Fernando Di Filippo

Se descubrió perdido.

El hombre se descubrió perdido, no en las calles de la ciudad nocturna, sino en un laberinto construido por siglos de recuerdos. Cada pasillo era un intento fallido de comprenderse; cada esquina, una fecha olvidada que reclamaba su antigua importancia.

Buscó la salida con el fervor de los condenados y encontró, en lugar de una puerta, un espejo. No devolvía su rostro, sino un infinito de rostros: el niño temeroso, el amante obstinado, el anciano que aún no existía, pero ya lo miraba con piedad.

Comprendió entonces que el laberinto no era un espacio sino un tiempo. Y que el espejo, más que reflejarlo, lo multiplicaba —no para confundirlo, sino para recordarle que el destino no es una línea, sino una geometría secreta que siempre vuelve al mismo centro.

No supo cuánto demoró frente a aquel espejo. Las horas —si es que aún existían— se plegaban unas sobre otras, como páginas de un libro que alguien había leído demasiadas veces.

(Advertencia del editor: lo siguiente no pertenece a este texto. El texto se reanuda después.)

lemma besselK_integrand_measurable [measurable]: "besselK_integrand \<nu> y \<in> borel_measurable borel"
  unfolding besselK_integrand_def by measurable

lemma besselK_integrand_nonneg: "0 \<le> besselK_integrand \<nu> y t"
  unfolding besselK_integrand_def by (simp add: indicator_def)

lemma besselK_integrand_antimono: "y \<le> y' \<Longrightarrow> besselK_integrand \<nu> y' t \<le> besselK_integrand \<nu> y t"
  unfolding besselK_integrand_def
  by (auto simp: indicator_def intro!: mult_right_mono mult_right_mono_neg)

lemma besselK_integrand_bound:
  fixes y t :: real
  assumes y: "y > 0" and t: "t \<ge> 0"
  shows "exp (- y * cosh t) * cosh (\<nu> * t) \<le> exp (- y + (\<bar>\<nu>\<bar> + 1)\<^sup>2 / y) * exp (- t)"
proof -
  have "exp (- y * cosh t) * cosh (\<nu> * t) \<le> exp (- y * cosh t) * exp (\<bar>\<nu>\<bar> * t)"
    using cosh_le_exp_abs[of "\<nu> * t"] t by (intro mult_left_mono) (auto simp: abs_mult)
  also have "\<dots> \<le> exp (- y + (\<bar>\<nu>\<bar> + 1)\<^sup>2 / y - t)"
  proof -
    have "y * (t\<^sup>2 / 4) \<le> y * (cosh t - 1)"
      using cosh_ge_1_plus_square[of t] y by (intro mult_left_mono) auto
    moreover have "y * (t\<^sup>2 / 4) - (\<bar>\<nu>\<bar> + 1) * t + (\<bar>\<nu>\<bar> + 1)\<^sup>2 / y = (y * t - 2 * (\<bar>\<nu>\<bar> + 1))\<^sup>2 / (4 * y)"
      using y by (simp add: field_simps power2_eq_square)
    moreover have "0 \<le> (y * t - 2 * (\<bar>\<nu>\<bar> + 1))\<^sup>2 / (4 * y)" using y by simp
    ultimately show ?thesis by (simp add: mult_exp_exp algebra_simps)
  qed
  also have "\<dots> = exp (- y + (\<bar>\<nu>\<bar> + 1)\<^sup>2 / y) * exp (- t)" by (simp add: exp_add[symmetric])
  finally show ?thesis .
qed

lemma integrable_exp_minus_Ici: "integrable lborel (\<lambda>t::real. exp (- t) * indicator {0..} t)"
  using has_bochner_integral_I0i_power_exp_m'[of 0] by (simp add: integrable.intros)

lemma integrable_besselK_integrand:
  assumes "y > 0" shows "integrable lborel (besselK_integrand \<nu> y)"
proof (rule Bochner_Integration.integrable_bound)
  show "integrable lborel (\<lambda>t. exp (- y + (\<bar>\<nu>\<bar> + 1)\<^sup>2 / y) * (exp (- t) * indicator {0..} t))"
    using integrable_exp_minus_Ici by (rule integrable_mult_right)
  show "AE t in lborel. norm (besselK_integrand \<nu> y t)
          \<le> norm (exp (- y + (\<bar>\<nu>\<bar> + 1)\<^sup>2 / y) * (exp (- t) * indicator {0..} t))"
    using besselK_integrand_bound[OF assms] besselK_integrand_nonneg[of \<nu> y]
    by (auto simp: besselK_integrand_def indicator_def)
qed simp

lemma besselK_eq_lebesgue_integral:
  assumes "y > 0" shows "besselK \<nu> y = (\<integral>t. besselK_integrand \<nu> y t \<partial>lborel)"
proof -
  have "set_integrable lborel {0..} (\<lambda>t. exp (- y * cosh t) * cosh (\<nu> * t))"
    using integrable_besselK_integrand[OF assms]
    unfolding set_integrable_def besselK_integrand_def by simp
  from set_borel_integral_eq_integral(2)[OF this] show ?thesis
    unfolding besselK_def set_lebesgue_integral_def besselK_integrand_def by simp
qed

lemma besselK_nonneg: "y > 0 \<Longrightarrow> 0 \<le> besselK \<nu> y"
  by (simp add: besselK_eq_lebesgue_integral integral_nonneg_AE besselK_integrand_nonneg)

lemma continuous_on_besselK: "continuous_on {0<..} (besselK \<nu>)"
proof (rule continuous_on_sequentiallyI)
  fix u and a :: real
  assume u: "\<forall>n. u n \<in> {0<..}" and a: "a \<in> {0<..}" and lim: "u \<longlonglongrightarrow> a"
  have a0: "a > 0" using a by simp
  \<comment> \<open>Truncating at \<open>a/2\<close> makes \<open>besselK_integrand \<nu> (a/2)\<close> a dominating function.\<close>
  define v where "v n = max (u n) (a/2)" for n
  have "v \<longlonglongrightarrow> max a (a/2)" unfolding v_def by (intro tendsto_intros lim)
  then have v_lim: "v \<longlonglongrightarrow> a" using a0 by (simp add: max_def)
  have "(\<lambda>n. \<integral>t. besselK_integrand \<nu> (v n) t \<partial>lborel) \<longlonglongrightarrow> (\<integral>t. besselK_integrand \<nu> a t \<partial>lborel)"
  proof (rule integral_dominated_convergence[where w="besselK_integrand \<nu> (a/2)"])
    show "integrable lborel (besselK_integrand \<nu> (a/2))"
      using a0 by (intro integrable_besselK_integrand) simp
    show "AE t in lborel. (\<lambda>n. besselK_integrand \<nu> (v n) t) \<longlonglongrightarrow> besselK_integrand \<nu> a t"
      unfolding besselK_integrand_def by (intro AE_I2 tendsto_intros v_lim)
    show "AE t in lborel. norm (besselK_integrand \<nu> (v n) t) \<le> besselK_integrand \<nu> (a/2) t" for n
      using besselK_integrand_antimono[of "a/2" "v n"] besselK_integrand_nonneg
      by (intro AE_I2) (simp add: v_def)
  qed auto
  moreover have "eventually (\<lambda>n. a/2 < u n) sequentially"
    using lim a0 by (intro order_tendstoD) auto
  then have "eventually (\<lambda>n. (\<integral>t. besselK_integrand \<nu> (v n) t \<partial>lborel) = besselK \<nu> (u n)) sequentially"
    by (rule eventually_mono) (use a0 in \<open>simp add: v_def besselK_eq_lebesgue_integral\<close>)
  ultimately have "(\<lambda>n. besselK \<nu> (u n)) \<longlonglongrightarrow> (\<integral>t. besselK_integrand \<nu> a t \<partial>lborel)"
    by (rule Lim_transform_eventually)
  then show "(\<lambda>n. besselK \<nu> (u n)) \<longlonglongrightarrow> besselK \<nu> a"
    using a0 by (simp add: besselK_eq_lebesgue_integral)
qed
(* In the incremental implementation of Algorithm 2(b) below, for each receiver $j$ and each slot $t$, at the end of slot $t$: for every vector $\mathbf{u}=(u_1,\dots,u_{Q(t)})$ in the row space $U_j(t)$ of the matrix $B_j$, the linear combination $\sum_{i=1}^{Q(t)}u_i\mathbf{p}_i$ is known to receiver $j$, where $\mathbf{p}_i$ denotes the $i$-th packet in the sender's queue at the end of slot $t$ and $Q(t)$ is the queue length.
   Context: Setting: a sender broadcasts to $n$ receivers over a slotted packet erasure broadcast channel; packets are vectors over $\mathbb{F}_q$; each slot packets may arrive at the sender; the sender transmits at most one linear combination of queued packets per slot; each receiver receives it or suffers an erasure, and perfect feedback tells the sender which receivers received it. A node has seen a packet $\mathbf{p}$ if it can compute $\mathbf{p}+\mathbf{q}$ with $\mathbf{q}$ a linear combination of packets that arrived after $\mathbf{p}$. Incremental implementation of Algorithm 2(b): (1) Initialize matrices $B_1,\dots,B_n$ as empty. In each slot: (2) append the $a$ newly arrived packets to the end of the queue and append $a$ all-zero columns on the right of each $B_j$; (3) if the queue is nonempty, compute a linear combination $\mathbf{g}$ of queued packets (by a coding module) and transmit it; (4) for each receiver $j$ that received the transmission, add the coefficient vector of $\mathbf{g}$ with respect to the current queue contents as a new row of $B_j$ and perform Gaussian elimination (bringing $B_j$ to reduced row echelon form); (5) let $S_j'$ be the set of queued packets corresponding to pivot columns of $B_j$ and $S_\Delta'=\bigcap_jS_j'$; replace each $B_j$ by the submatrix obtained by deleting the columns in $S_\Delta'$ and the corresponding pivot rows; (6) drop the packets in $S_\Delta'$ from the queue. Columns of $B_j$ are never rearranged, so column $i$ of $B_j$ corresponds to the $i$-th packet in the queue. *)

theory Defs
  imports "HOL-Analysis.Finite_Cartesian_Product"
begin

text \<open>Packets are vectors in 'f ^ 'm over a finite field 'f (playing the role of F_q).
Rows of the matrices B_j are lists of field elements; column i corresponds to the i-th
queued packet.\<close>

record ('f, 'm) state =
  queue :: "('f ^ 'm) list"
  Bmat  :: "nat \<Rightarrow> 'f list list"
  rcvd  :: "nat \<Rightarrow> ('f ^ 'm) list"

definition init_state :: "('f::zero, 'm::finite) state" where
  "init_state = \<lparr>queue = [], Bmat = (\<lambda>j. []), rcvd = (\<lambda>j. [])\<rparr>"

definition rowspace :: "nat \<Rightarrow> 'f::field list list \<Rightarrow> 'f list set" where
  "rowspace k M = {u. length u = k \<and>
     (\<exists>a::nat \<Rightarrow> 'f. \<forall>i<k. u ! i = (\<Sum>r<length M. a r * (M ! r) ! i))}"

definition pivot :: "'f::zero list \<Rightarrow> nat" where
  "pivot r = (LEAST i. i < length r \<and> r ! i \<noteq> 0)"

definition pivots :: "'f::zero list list \<Rightarrow> nat set" where
  "pivots M = pivot ` set M"

definition is_rref :: "nat \<Rightarrow> 'f::field list list \<Rightarrow> bool" where
  "is_rref k M \<longleftrightarrow>
     (\<forall>r\<in>set M. length r = k \<and> (\<exists>i<k. r ! i \<noteq> 0) \<and> r ! pivot r = 1) \<and>
     sorted_wrt (\<lambda>r s. pivot r < pivot s) M \<and>
     (\<forall>a<length M. \<forall>b<length M. a \<noteq> b \<longrightarrow> (M ! b) ! pivot (M ! a) = 0)"

text \<open>M' is the result of Gaussian elimination applied to M (the RREF is unique).\<close>
definition rref_of :: "nat \<Rightarrow> 'f::field list list \<Rightarrow> 'f list list \<Rightarrow> bool" where
  "rref_of k M M' \<longleftrightarrow> is_rref k M' \<and> rowspace k M' = rowspace k M"
(* Let $\overline{P}$ be a Preparata code of length $n$, let $x\in\overline{P}$, let $m,l,k\in\mathrm{supp}(x)$, and let $u,v$ be distinct codewords of $\overline{P}$, both at Hamming distance $6$ from $x$ and both having zeros in positions $m,l,k$. Then there is no coordinate in $\mathrm{supp}(x)\setminus\{m,l,k\}$ in which both $u$ and $v$ are zero, and there is no coordinate in $\{1,\ldots,n\}\setminus\mathrm{supp}(x)$ in which both $u$ and $v$ are one.
   Context: $E^n$ is the set of binary vectors of length $n$ with the Hamming distance; $\mathrm{supp}(x)=\{k:x_k=1\}$. A Preparata code is a binary code of length $n=2^m$ ($m\ge 4$ even) with minimum distance $6$ and maximum possible cardinality among binary codes of that length and minimum distance. *)

theory Defs
  imports Main
begin

text \<open>Binary vectors of length n are modelled as boolean lists of length n;
  coordinates are indexed 0..n-1 (the paper uses 1..n).\<close>

definition E :: "nat \<Rightarrow> bool list set" where
  "E n = {x. length x = n}"

definition hdist :: "bool list \<Rightarrow> bool list \<Rightarrow> nat" where
  "hdist x y = card {i. i < length x \<and> x ! i \<noteq> y ! i}"

definition supp :: "bool list \<Rightarrow> nat set" where
  "supp x = {k. k < length x \<and> x ! k}"

definition is_code :: "nat \<Rightarrow> nat \<Rightarrow> bool list set \<Rightarrow> bool" where
  "is_code n d C \<longleftrightarrow> C \<subseteq> E n
     \<and> (\<forall>x\<in>C. \<forall>y\<in>C. x \<noteq> y \<longrightarrow> d \<le> hdist x y)
     \<and> (\<exists>x\<in>C. \<exists>y\<in>C. x \<noteq> y \<and> hdist x y = d)"

definition preparata :: "nat \<Rightarrow> bool list set \<Rightarrow> bool" where
  "preparata n C \<longleftrightarrow> (\<exists>m. even m \<and> m \<ge> 4 \<and> n = 2 ^ m)
     \<and> is_code n 6 C
     \<and> (\<forall>C'. is_code n 6 C' \<longrightarrow> card C' \<le> card C)"

end

theory Submission
  imports Defs
begin

text \<open>Positions where both u and v differ from x are positions where u and v agree (the
  alphabet is binary). Four such positions are the zeros of u and v at m, l, k together with
  the offending coordinate j, so two words at distance 6 from x would be at distance at most
  6 + 6 - 2 * 4 = 4 from each other, contradicting minimum distance 6.\<close>

lemma hdist_add_common_diffs_le:
  fixes x u v :: "bool list" and S :: "nat set"
  assumes len: "length u = length x" "length v = length x"
    and S: "S \<subseteq> {i. i < length x \<and> x ! i \<noteq> u ! i \<and> x ! i \<noteq> v ! i}"
  shows "hdist u v + 2 * card S \<le> hdist x u + hdist x v"
proof -
  define Du where "Du = {i. i < length x \<and> x ! i \<noteq> u ! i}"
  define Dv where "Dv = {i. i < length x \<and> x ! i \<noteq> v ! i}"
  have fin: "finite Du" "finite Dv" "finite S"
    using S by (auto simp: Du_def Dv_def intro: finite_subset)
  have SDu: "S \<subseteq> Du" and SDv: "S \<subseteq> Dv"
    using S by (auto simp: Du_def Dv_def)
  have "{i. i < length u \<and> u ! i \<noteq> v ! i} \<subseteq> (Du - S) \<union> (Dv - S)"
    using S len by (auto simp: Du_def Dv_def)
  then have "hdist u v \<le> card ((Du - S) \<union> (Dv - S))"
    unfolding hdist_def using fin by (intro card_mono) auto
  also have "\<dots> \<le> card (Du - S) + card (Dv - S)"
    by (rule card_Un_le)
  also have "\<dots> = (card Du - card S) + (card Dv - card S)"
    using fin SDu SDv by (simp add: card_Diff_subset)
  finally show ?thesis
    using card_mono[OF fin(1) SDu] card_mono[OF fin(2) SDv]
    by (simp add: hdist_def Du_def Dv_def)
qed

lemma is_code_length:
  assumes "is_code n d C" "u \<in> C"
  shows "length u = n"
  using assms by (auto simp: is_code_def E_def)

lemma is_code_hdist_ge:
  assumes "is_code n d C" "u \<in> C" "v \<in> C" "u \<noteq> v"
  shows "d \<le> hdist u v"
  using assms by (auto simp: is_code_def)

theorem lemma7:
  fixes n :: nat and P :: "bool list set" and x u v :: "bool list" and m l k :: nat
  assumes "preparata n P"
    and "x \<in> P"
    and "m \<in> supp x" "l \<in> supp x" "k \<in> supp x"
    and "m \<noteq> l" "m \<noteq> k" "l \<noteq> k"
    and "u \<in> P" "v \<in> P" "u \<noteq> v"
    and "hdist x u = 6" "hdist x v = 6"
    and "\<not> u ! m" "\<not> u ! l" "\<not> u ! k"
    and "\<not> v ! m" "\<not> v ! l" "\<not> v ! k"
  shows "\<not> (\<exists>j \<in> supp x - {m, l, k}. \<not> u ! j \<and> \<not> v ! j)
     \<and> \<not> (\<exists>j \<in> {0..<n} - supp x. u ! j \<and> v ! j)"
proof -
  have code: "is_code n 6 P"
    using assms(1) by (simp add: preparata_def)
  have len: "length x = n" "length u = n" "length v = n"
    using code assms(2,9,10) by (auto intro: is_code_length)
  have "False" if j: "j < n" "j \<notin> {m, l, k}" "x ! j \<noteq> u ! j" "x ! j \<noteq> v ! j" for j
  proof -
    have "{m, l, k, j} \<subseteq> {i. i < length x \<and> x ! i \<noteq> u ! i \<and> x ! i \<noteq> v ! i}"
      using assms(3-5,14-19) j len by (auto simp: supp_def)
    from hdist_add_common_diffs_le[OF _ _ this] len
    have "hdist u v + 2 * card {m, l, k, j} \<le> 12"
      using assms(12,13) by simp
    moreover have "card {m, l, k, j} = 4"
      using j assms(6-8) by auto
    ultimately show False
      using is_code_hdist_ge[OF code assms(9-11)] by simp
  qed
  then show ?thesis
    using len assms(3-5) by (fastforce simp: supp_def)
qed

end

La imagen multiplicada comenzó a moverse. El rostro del anciano avanzó primero, seguido por el del joven que nunca sería y el del niño que aún balbuceaba en la memoria.

Le hablaron sin palabras, con la silenciosa autoridad de lo irrevocable.

El anciano le pidió que aceptara el fracaso, porque sólo los derrotados conocen la verdadera forma del universo. El joven exigió revancha, como lo hacen todos los que creen que el tiempo es un arma.
El niño, ajeno a la tragedia, sonrió: era la única victoria posible.

El espejo vibró y se partió en un número incalculable de fragmentos. Cada uno contenía un mundo, y cada mundo una historia donde el hombre vivía, moría, amaba o se perdía. Comprendió entonces que el laberinto no buscaba atraparlo, sino enseñarle que el peor de los encierros es el propio nombre; aquello que nos define y nos condena.

Con un gesto torpe, extendió la mano hacia uno de los fragmentos. No eligió el más luminoso ni el más oscuro, sino un intermedio —un tiempo gris, tal vez— y sintió la tibieza de un amanecer que aún no había ocurrido.

Entró.
Y mientras el laberinto se cerraba a sus espaldas, supo que el juego recién comenzaba y que, al final de todos los espejos, lo esperaba otra vez él mismo.